Выбрать главу

“I have to ask, because it’s going to come up somewhere at some point, and I’m going to be held accountable. Where the hell did this intel come from, guys?”

The question was directed to Daniel, but Rangel’s eyes bore into Avery.

“Sources and methods,” Daniel said, providing the vague, offhanded explanation often thrown about by CIA.

But Rangel wouldn’t have any of that. Rangel was fuming.

“I suppose it’s just coincidence that overnight, without explanation, you two are suddenly unavailable and then this morning we receive reports from National Police sources that Cesar Rivero’s mutilated body was discovered in a warehouse, along with a goddamned child and four dead Black Eagles? Police called it a blood bath, and that says a lot coming from Medellin cops. And why should this particular incident come across my desk? Because people are afraid this means that the Black Eagles will consider breaking the ceasefire. I’ll tell you right now, if anyone from the Agency was involved, it will not go well for them. The State Department will be making inquiries amongst prison authorities about how and when Rivero was removed from Bellavista.”

Avery knew that Rangel didn’t give a damn about Rivero’s human rights, and he certainly didn’t care about a dead kid.
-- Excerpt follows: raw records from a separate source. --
(* Let $L$ be an even hyperbolic lattice and $L'$ an even overlattice of $L$. Then there exist chambers $\mathcal D_L$ of $L$ and $\mathcal D_{L'}$ of $L'$ (in the common hyperbolic space $\mathbb H_L=\mathbb H_{L'}$) such that $\mathcal D_{L'}\subseteq\mathcal D_L$. For such choices, the exceptional lattices satisfy $E(L)\subseteq E(L')$.
   Context: All lattices are even: a lattice is a free $\mathbb Z$-module $L$ of finite rank with a non-degenerate symmetric bilinear form $(x.y)\in\mathbb Z$ such that $x^2:=(x.x)$ is even for all $x$. $L$ is hyperbolic if its signature is $(1,\mathrm{rk}L-1)$. A root is a vector $r\in L$ with $r^2=-2$. For hyperbolic $L$, fix a connected component $\mathcal P_L$ of $\{x\in L\otimes\mathbb R: x^2>0\}$, let $\mathbb H_L=\{x\in\mathcal P_L: x^2=1\}$, and let $O^+(L)$ be the group of isometries of $L$ preserving $\mathcal P_L$. The Weyl group $W(L)\subseteq O^+(L)$ is generated by the reflections $\phi_r(v)=v+(v.r)r$ for roots $r$. The chambers are the connected components of $\mathbb H_L\setminus\bigcup_r r^\perp$ (union over all roots $r$); $W(L)$ acts simply transitively on them. Fix a chamber $\mathcal D_L$; the symmetry group $\mathrm{Aut}(\mathcal D_L)$ is the subgroup of $O^+(L)$ preserving $\mathcal D_L$. The exceptional lattice $E(L)\subseteq L$ is the sublattice of vectors of $L$ whose orbit under $\mathrm{Aut}(\mathcal D_L)$ is finite. An overlattice of $L$ is a lattice $L'\supseteq L$ of the same rank whose form restricts to that of $L$. *)

theory Defs
  imports "HOL-Analysis.Analysis"
begin

text \<open>Ambient space: the real vector space real^'n, equipped with the bilinear
form given by a symmetric matrix Q. Lattices are full-rank Z-lattices in it, so
L \<otimes> R = real^'n, and an overlattice of L is simply a full-rank lattice containing
L on which the same form is used.\<close>

definition bform :: "real^'n^'n \<Rightarrow> real^'n \<Rightarrow> real^'n \<Rightarrow> real" where
  "bform Q x y = x \<bullet> (Q *v y)"

definition hyperbolic_form :: "real^'n^'n \<Rightarrow> bool" where
  "hyperbolic_form Q \<longleftrightarrow> transpose Q = Q \<and>
     (\<exists>(P::real^'n^'n) i0. invertible P \<and>
        (\<forall>i j. (transpose P ** Q ** P) $ i $ j =
                 (if i = j then (if i = i0 then 1 else -1) else 0)))"

definition full_lattice :: "(real^'n) set \<Rightarrow> bool" where
  "full_lattice L \<longleftrightarrow> (\<exists>b :: 'n \<Rightarrow> real^'n. inj b \<and> independent (range b) \<and>
      L = {(\<Sum>i\<in>UNIV. c i *\<^sub>R b i) | c. \<forall>i. c i \<in> \<int>})"

definition even_lattice :: "real^'n^'n \<Rightarrow> (real^'n) set \<Rightarrow> bool" where
  "even_lattice Q L \<longleftrightarrow> full_lattice L \<and>
      (\<forall>x\<in>L. \<forall>y\<in>L. bform Q x y \<in> \<int>) \<and>
      (\<forall>x\<in>L. \<exists>k::int. bform Q x x = 2 * of_int k)"

definition roots :: "real^'n^'n \<Rightarrow> (real^'n) set \<Rightarrow> (real^'n) set" where
  "roots Q L = {r \<in> L. bform Q r r = -2}"

text \<open>Hyperbolic space inside the fixed component C of the positive cone.\<close>
definition hyp_space :: "real^'n^'n \<Rightarrow> (real^'n) set \<Rightarrow> (real^'n) set" where
  "hyp_space Q C = {x \<in> C. bform Q x x = 1}"

definition chamber :: "real^'n^'n \<Rightarrow> (real^'n) set \<Rightarrow> (real^'n) set \<Rightarrow> (real^'n) set \<Rightarrow> bool" where
  "chamber Q L C D \<longleftrightarrow>
     (let S = hyp_space Q C - (\<Union>r\<in>roots Q L. {x. bform Q x r = 0})
      in \<exists>x\<in>S. D = connected_component_set S x)"

text \<open>O^+(L): isometries of L (extended linearly, i.e. as matrices) preserving C.\<close>
definition Oplus :: "real^'n^'n \<Rightarrow> (real^'n) set \<Rightarrow> (real^'n) set \<Rightarrow> (real^'n^'n) set" where
  "Oplus Q L C = {g. (\<lambda>v. g *v v) ` L = L \<and>
      (\<forall>x\<in>L. \<forall>y\<in>L. bform Q (g *v x) (g *v y) = bform Q x y) \<and>
      (\<lambda>v. g *v v) ` C = C}"

definition Aut_chamber :: "real^'n^'n \<Rightarrow> (real^'n) set \<Rightarrow> (real^'n) set \<Rightarrow> (real^'n) set \<Rightarrow> (real^'n^'n) set" where
  "Aut_chamber Q L C D = {g \<in> Oplus Q L C. (\<lambda>v. g *v v) ` D = D}"

definition exceptional_lattice :: "real^'n^'n \<Rightarrow> (real^'n) set \<Rightarrow> (real^'n) set \<Rightarrow> (real^'n) set \<Rightarrow> (real^'n) set" where
  "exceptional_lattice Q L C D = {v \<in> L. finite ((\<lambda>g. g *v v) ` Aut_chamber Q L C D)}"

end

theory Submission
  imports Defs
begin

text \<open>
  The hyperplanes orthogonal to the roots of \<open>L'\<close> form a countable, hence negligible,
  family, while the component \<open>C\<close> of the positive cone is open and closed under
  positive scaling; so some point \<open>z\<close> of the hyperbolic space lies on no wall of \<open>L'\<close>.
  Since the roots of \<open>L\<close> are roots of \<open>L'\<close>, the chamber of \<open>L'\<close> through \<open>z\<close> lies in
  the chamber of \<open>L\<close> through \<open>z\<close>.

  For the exceptional lattices let \<open>G = Aut(D')\<close>. By Cramer's rule \<open>N L' \<subseteq> L\<close> for some
  \<open>N > 0\<close>, so the lattices \<open>g L\<close>, \<open>g \<in> G\<close>, lie between \<open>N L'\<close> and \<open>L'\<close> and there are only
  finitely many of them. If \<open>g L = h L\<close> then \<open>k = h\<^sup>-\<^sup>1 g\<close> preserves \<open>L\<close> and \<open>D'\<close>,
  hence permutes the walls of \<open>L\<close>; the connected set \<open>k D\<close> avoids these walls and meets
  \<open>k D' = D' \<subseteq> D\<close>, so \<open>k D \<subseteq> D\<close>, and likewise for \<open>k\<^sup>-\<^sup>1\<close>. Hence \<open>k \<in> Aut(D)\<close>, and the
  \<open>G\<close>-orbit of \<open>v\<close> is covered by finitely many translates of its \<open>Aut(D)\<close>-orbit.
\<close>

section \<open>Full-rank lattices\<close>

definition zspan :: "('m::finite \<Rightarrow> real^'n) \<Rightarrow> (real^'n) set" where
  "zspan b = {(\<Sum>i\<in>UNIV. c i *\<^sub>R b i) | c. \<forall>i. c i \<in> \<int>}"

lemma sum_indicator_scaleR:
  fixes b :: "'m::finite \<Rightarrow> real^'n"
  shows "(\<Sum>j\<in>UNIV. (if j = i then 1 else 0) *\<^sub>R b j) = b i"
proof -
  have "(\<Sum>j\<in>UNIV. (if j = i then 1 else 0) *\<^sub>R b j) = (\<Sum>j\<in>UNIV. if j = i then b j else 0)"
    by (rule sum.cong) auto
  then show ?thesis by simp
qed

lemma basis_in_zspan: "b i \<in> zspan b"
  unfolding zspan_def
  by (intro CollectI exI[of _ "\<lambda>j. if j = i then 1 else 0"]) (auto simp: sum_indicator_scaleR)

lemma full_lattice_basis:
  fixes L :: "(real^'n) set"
  assumes "full_lattice L"
  obtains b :: "'n \<Rightarrow> real^'n" where "span (range b) = UNIV" "L = zspan b"
proof -
  obtain b :: "'n \<Rightarrow> real^'n" where b: "inj b" "independent (range b)" "L = zspan b"
    using assms unfolding full_lattice_def zspan_def by blast
  have "card (range b) = CARD('n)" using b(1) by (simp add: card_image)
  then have "span (range b) = UNIV"
    using card_ge_dim_independent[of "range b" UNIV] b(2) by auto
  with b(3) show ?thesis using that by blast
qed

lemma span_full_lattice:
  fixes L :: "(real^'n) set"
  assumes "full_lattice L"
  shows "span L = UNIV"
proof -
  obtain b :: "'n \<Rightarrow> real^'n" where "span (range b) = UNIV" "L = zspan b"
    using assms by (rule full_lattice_basis)
  moreover have "range b \<subseteq> zspan b" using basis_in_zspan by blast
  ultimately show ?thesis by (metis span_mono top.extremum_uniqueI)
qed

lemma zspan_add:
  assumes "x \<in> zspan b" "y \<in> zspan b"
  shows "x + y \<in> zspan b"
proof -
  obtain c d where "x = (\<Sum>i\<in>UNIV. c i *\<^sub>R b i)" "\<forall>i. c i \<in> \<int>"
    "y = (\<Sum>i\<in>UNIV. d i *\<^sub>R b i)" "\<forall>i. d i \<in> \<int>"
    using assms unfolding zspan_def by blast
  then show ?thesis unfolding zspan_def
    by (intro CollectI exI[of _ "\<lambda>i. c i + d i"]) (auto simp: scaleR_add_left sum.distrib)
qed

lemma zspan_diff:
  assumes "x \<in> zspan b" "y \<in> zspan b"
  shows "x - y \<in> zspan b"
proof -
  obtain c d where "x = (\<Sum>i\<in>UNIV. c i *\<^sub>R b i)" "\<forall>i. c i \<in> \<int>"
    "y = (\<Sum>i\<in>UNIV. d i *\<^sub>R b i)" "\<forall>i. d i \<in> \<int>"
    using assms unfolding zspan_def by blast
  then show ?thesis unfolding zspan_def
    by (intro CollectI exI[of _ "\<lambda>i. c i - d i"]) (auto simp: scaleR_diff_left sum_subtractf)
qed

lemma zspan_eq_image_int:
  fixes b :: "'m::finite \<Rightarrow> real^'n"
  shows "zspan b = range (\<lambda>z. \<Sum>i\<in>UNIV. of_int (z i) *\<^sub>R b i)"
proof (rule set_eqI)
  fix x
  have floor_eq: "c \<in> \<int> \<Longrightarrow> of_int \<lfloor>c\<rfloor> = c" for c :: real
    by (erule Ints_cases) simp
  show "x \<in> zspan b \<longleftrightarrow> x \<in> range (\<lambda>z. \<Sum>i\<in>UNIV. of_int (z i) *\<^sub>R b i)"
  proof
    assume "x \<in> zspan b"
    then obtain c where "x = (\<Sum>i\<in>UNIV. c i *\<^sub>R b i)" "\<forall>i. c i \<in> \<int>"
      unfolding zspan_def by blast
    then show "x \<in> range (\<lambda>z. \<Sum>i\<in>UNIV. of_int (z i) *\<^sub>R b i)"
      by (intro range_eqI[where x="\<lambda>i. \<lfloor>c i\<rfloor>"]) (simp add: floor_eq)
  qed (auto simp: zspan_def)
qed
People like Rangel never did. He was worried about word of Rivero’s torture reaching the ambassador’s office or the Seventh Floor, and creating a new scandal for CIA in Latin America under his watch. He was willing to keep the matter quiet, long as the Colombian police were able to do so, or some reporter or human rights activist didn’t pick up on the incident and publicize it.

“If anyone in this room knows anything about what went down in Medellin overnight, now’s the time to say something,” Rangel said, still staring down Avery.

Avery stared right back at the station chief with unblinking eyes, daring Rangel to threaten him. After what he saw in Medellin, there wasn’t anything Rangel could say or do to affect him. Even now, the scenes from inside the warehouse replayed in his mind. The screams and terror of the girls were clear as the moment it happened, less than twelve hours ago. He knew this shit was going to stay with him for a long time.

“Whatever took place in Medellin is clearly a mystery,” Daniel said, “but I have full faith in the National Police to find those responsible. Now, perhaps we can move on to the topic at hand. We have a name: Sean Nolan, a member of the Viper’s inner circle.”

“I know that name,” Slayton said. “Nolan’s popped up before in past DEA investigations. He’s a big player in the cocaine market, and the British want him for terrorism charges.”

“The Bunker’s databases confirm that Nolan is known to operate out of Cali, facilitating drug deals and arms shipments, and acting as a go-between for various gangs,” Abigail Benning said. “He’s also known to have worked for FARC in the past, but we were never aware of any connections between him and Moreno.”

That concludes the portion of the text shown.